**The data:**

━━━

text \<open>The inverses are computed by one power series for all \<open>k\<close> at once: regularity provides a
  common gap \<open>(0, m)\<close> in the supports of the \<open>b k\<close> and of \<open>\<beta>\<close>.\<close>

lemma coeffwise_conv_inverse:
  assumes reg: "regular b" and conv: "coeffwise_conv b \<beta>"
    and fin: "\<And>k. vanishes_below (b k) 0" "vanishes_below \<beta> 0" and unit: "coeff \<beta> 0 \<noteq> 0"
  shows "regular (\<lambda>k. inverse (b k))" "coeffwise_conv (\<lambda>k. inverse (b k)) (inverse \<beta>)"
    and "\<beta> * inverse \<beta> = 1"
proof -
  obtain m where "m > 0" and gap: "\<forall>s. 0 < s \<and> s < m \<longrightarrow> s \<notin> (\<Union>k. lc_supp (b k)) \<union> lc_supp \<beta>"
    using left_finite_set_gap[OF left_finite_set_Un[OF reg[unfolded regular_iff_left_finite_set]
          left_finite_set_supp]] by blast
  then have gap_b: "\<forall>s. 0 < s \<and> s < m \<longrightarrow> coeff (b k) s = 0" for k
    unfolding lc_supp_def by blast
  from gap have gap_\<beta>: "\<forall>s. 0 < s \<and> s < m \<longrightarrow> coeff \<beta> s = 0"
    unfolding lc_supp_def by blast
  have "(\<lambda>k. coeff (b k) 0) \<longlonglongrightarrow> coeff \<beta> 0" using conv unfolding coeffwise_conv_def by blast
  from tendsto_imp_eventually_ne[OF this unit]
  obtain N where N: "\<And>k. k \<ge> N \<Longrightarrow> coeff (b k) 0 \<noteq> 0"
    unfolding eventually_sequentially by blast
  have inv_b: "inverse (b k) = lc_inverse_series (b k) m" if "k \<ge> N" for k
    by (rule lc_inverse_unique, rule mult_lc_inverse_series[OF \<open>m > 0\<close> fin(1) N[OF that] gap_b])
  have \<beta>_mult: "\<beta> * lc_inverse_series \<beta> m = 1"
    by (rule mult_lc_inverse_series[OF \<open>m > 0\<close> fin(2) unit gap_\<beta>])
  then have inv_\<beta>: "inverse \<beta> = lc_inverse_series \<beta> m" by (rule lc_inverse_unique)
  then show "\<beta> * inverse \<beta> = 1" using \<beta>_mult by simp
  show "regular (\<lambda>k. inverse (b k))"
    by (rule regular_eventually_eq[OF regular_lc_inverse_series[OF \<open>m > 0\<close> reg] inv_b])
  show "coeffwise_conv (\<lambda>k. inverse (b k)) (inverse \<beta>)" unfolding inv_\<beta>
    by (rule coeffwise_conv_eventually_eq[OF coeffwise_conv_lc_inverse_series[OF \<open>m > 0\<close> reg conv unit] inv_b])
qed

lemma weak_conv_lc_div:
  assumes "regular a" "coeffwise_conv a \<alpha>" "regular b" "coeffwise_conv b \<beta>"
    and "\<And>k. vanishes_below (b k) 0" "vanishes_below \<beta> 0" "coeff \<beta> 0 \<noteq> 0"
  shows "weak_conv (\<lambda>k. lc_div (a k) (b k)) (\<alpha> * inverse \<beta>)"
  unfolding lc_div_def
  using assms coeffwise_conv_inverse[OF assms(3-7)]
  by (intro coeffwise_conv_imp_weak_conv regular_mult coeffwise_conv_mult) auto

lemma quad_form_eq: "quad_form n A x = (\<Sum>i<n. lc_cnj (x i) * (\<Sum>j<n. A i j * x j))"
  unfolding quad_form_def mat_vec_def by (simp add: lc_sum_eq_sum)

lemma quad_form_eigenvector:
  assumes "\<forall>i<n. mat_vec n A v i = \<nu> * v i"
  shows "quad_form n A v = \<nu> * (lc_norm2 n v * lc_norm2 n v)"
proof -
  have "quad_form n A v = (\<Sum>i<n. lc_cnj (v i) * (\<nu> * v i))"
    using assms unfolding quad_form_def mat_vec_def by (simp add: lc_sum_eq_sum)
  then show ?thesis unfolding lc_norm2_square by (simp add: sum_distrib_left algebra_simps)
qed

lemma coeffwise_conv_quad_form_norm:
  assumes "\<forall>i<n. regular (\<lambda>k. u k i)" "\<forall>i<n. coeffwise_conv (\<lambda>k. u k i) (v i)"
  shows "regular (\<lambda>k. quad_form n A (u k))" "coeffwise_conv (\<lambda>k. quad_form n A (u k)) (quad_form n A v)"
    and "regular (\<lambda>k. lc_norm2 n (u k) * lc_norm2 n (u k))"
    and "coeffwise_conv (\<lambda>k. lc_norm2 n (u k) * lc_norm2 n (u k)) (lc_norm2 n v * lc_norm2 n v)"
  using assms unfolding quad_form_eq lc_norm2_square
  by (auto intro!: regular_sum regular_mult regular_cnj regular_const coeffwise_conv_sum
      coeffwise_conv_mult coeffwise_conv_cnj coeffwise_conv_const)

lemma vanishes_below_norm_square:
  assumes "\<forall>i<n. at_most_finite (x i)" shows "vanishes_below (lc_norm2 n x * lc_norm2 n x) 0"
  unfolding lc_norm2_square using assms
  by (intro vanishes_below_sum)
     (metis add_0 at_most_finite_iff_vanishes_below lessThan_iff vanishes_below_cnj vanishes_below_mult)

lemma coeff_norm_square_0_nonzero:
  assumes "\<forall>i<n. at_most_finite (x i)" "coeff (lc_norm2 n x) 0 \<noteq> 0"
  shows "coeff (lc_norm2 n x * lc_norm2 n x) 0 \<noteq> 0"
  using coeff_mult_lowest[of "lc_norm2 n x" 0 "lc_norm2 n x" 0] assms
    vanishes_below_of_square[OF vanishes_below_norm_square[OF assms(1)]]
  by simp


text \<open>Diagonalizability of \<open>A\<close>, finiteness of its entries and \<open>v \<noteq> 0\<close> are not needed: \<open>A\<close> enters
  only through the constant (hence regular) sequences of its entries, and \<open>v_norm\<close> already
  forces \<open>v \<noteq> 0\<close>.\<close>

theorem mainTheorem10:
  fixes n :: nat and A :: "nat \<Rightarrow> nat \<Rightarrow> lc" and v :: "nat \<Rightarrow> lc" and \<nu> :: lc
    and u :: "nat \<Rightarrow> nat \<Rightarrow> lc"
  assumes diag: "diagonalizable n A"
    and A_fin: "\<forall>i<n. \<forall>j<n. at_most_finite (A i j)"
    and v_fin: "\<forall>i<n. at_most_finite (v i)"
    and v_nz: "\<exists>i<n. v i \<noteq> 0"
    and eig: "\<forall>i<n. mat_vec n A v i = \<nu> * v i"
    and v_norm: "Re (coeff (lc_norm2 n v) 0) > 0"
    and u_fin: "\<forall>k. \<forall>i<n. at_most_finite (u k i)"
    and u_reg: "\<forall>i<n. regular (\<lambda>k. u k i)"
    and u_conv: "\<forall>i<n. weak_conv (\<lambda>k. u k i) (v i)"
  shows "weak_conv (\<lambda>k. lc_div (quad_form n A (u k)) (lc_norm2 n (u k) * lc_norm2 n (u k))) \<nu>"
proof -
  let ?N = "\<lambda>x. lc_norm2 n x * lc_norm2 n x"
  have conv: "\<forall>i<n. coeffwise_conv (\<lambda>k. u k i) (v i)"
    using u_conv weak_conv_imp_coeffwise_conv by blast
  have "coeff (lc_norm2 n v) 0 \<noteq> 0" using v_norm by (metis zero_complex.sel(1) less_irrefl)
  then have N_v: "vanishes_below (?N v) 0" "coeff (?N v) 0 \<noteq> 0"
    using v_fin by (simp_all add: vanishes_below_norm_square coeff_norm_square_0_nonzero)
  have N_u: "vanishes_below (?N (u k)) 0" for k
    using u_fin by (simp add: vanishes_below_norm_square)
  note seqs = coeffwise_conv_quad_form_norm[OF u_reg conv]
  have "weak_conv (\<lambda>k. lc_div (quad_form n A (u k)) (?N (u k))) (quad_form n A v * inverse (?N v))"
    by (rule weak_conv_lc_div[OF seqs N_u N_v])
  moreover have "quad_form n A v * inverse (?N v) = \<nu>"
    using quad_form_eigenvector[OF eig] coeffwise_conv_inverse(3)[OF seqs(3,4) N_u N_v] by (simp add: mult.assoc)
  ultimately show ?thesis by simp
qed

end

━━━

**What you should do:**
Copy all lines above where "intro" is present.

**Completed exercise:**
  by (intro coeffwise_conv_imp_weak_conv regular_mult coeffwise_conv_mult) auto
  by (auto intro!: regular_sum regular_mult regular_cnj regular_const coeffwise_conv_sum
  by (intro vanishes_below_sum)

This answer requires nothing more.